(Directions) Every line of the data that includes "using" should be copied out.

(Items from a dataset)
|---|

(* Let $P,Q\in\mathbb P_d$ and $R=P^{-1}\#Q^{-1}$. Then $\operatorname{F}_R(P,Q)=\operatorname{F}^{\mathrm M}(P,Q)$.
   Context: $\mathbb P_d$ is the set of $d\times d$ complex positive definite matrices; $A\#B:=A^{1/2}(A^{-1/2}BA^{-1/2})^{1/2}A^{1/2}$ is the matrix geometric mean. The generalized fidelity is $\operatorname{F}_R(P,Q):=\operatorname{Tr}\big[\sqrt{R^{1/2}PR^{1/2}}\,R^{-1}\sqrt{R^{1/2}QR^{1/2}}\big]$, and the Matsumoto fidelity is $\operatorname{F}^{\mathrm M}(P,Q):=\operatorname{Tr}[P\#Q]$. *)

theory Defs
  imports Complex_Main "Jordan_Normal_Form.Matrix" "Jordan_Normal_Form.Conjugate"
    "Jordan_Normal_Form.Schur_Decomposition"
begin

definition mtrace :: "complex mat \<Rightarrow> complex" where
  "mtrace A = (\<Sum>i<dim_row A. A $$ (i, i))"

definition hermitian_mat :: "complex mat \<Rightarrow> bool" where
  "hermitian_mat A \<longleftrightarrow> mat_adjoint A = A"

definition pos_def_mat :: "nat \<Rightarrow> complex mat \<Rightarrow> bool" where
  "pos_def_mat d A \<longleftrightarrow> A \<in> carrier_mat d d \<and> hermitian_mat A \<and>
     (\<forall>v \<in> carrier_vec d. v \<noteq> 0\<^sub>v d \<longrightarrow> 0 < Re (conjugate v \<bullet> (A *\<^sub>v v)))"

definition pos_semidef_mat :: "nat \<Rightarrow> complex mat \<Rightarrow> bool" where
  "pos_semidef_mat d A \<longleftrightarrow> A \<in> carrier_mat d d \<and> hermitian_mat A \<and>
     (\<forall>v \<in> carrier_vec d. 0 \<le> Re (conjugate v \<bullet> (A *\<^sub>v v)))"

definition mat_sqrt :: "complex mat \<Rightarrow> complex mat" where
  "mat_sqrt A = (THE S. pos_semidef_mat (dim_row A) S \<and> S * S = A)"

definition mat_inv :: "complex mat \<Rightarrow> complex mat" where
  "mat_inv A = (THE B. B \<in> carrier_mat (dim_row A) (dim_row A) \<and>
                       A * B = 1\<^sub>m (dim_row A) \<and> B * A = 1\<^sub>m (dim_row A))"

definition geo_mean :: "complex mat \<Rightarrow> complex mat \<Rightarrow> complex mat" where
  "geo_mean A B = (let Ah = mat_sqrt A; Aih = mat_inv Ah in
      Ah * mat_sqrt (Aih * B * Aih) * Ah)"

|---|

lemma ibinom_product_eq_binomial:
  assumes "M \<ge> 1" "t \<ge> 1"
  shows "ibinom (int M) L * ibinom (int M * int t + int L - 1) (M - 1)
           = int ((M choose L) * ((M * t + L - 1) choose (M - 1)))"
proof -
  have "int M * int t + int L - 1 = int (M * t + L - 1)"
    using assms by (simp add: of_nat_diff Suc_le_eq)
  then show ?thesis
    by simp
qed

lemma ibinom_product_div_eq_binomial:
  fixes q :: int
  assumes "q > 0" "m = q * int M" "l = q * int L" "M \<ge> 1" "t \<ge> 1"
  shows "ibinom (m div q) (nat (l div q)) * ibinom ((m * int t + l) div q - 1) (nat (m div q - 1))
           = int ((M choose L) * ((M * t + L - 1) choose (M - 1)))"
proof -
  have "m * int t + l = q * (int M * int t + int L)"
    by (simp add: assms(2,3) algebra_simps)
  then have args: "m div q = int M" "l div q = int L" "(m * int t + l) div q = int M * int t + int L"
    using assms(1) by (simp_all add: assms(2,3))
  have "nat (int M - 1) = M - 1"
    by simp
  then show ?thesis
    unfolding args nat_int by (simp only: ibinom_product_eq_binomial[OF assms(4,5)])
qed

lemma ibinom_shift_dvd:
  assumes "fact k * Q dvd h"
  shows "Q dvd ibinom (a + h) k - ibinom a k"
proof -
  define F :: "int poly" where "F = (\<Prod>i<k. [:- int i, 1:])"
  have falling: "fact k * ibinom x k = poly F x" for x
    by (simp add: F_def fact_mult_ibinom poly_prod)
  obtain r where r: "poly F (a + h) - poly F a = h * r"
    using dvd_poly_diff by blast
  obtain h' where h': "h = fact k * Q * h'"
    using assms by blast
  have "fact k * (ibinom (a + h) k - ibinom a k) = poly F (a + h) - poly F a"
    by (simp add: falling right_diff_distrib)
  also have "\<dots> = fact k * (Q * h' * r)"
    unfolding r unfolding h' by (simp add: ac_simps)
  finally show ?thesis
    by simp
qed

|---|

(Task solution)
    using assms by (simp add: of_nat_diff Suc_le_eq)
    using assms(1) by (simp_all add: assms(2,3))
    using dvd_poly_diff by blast
    using assms by blast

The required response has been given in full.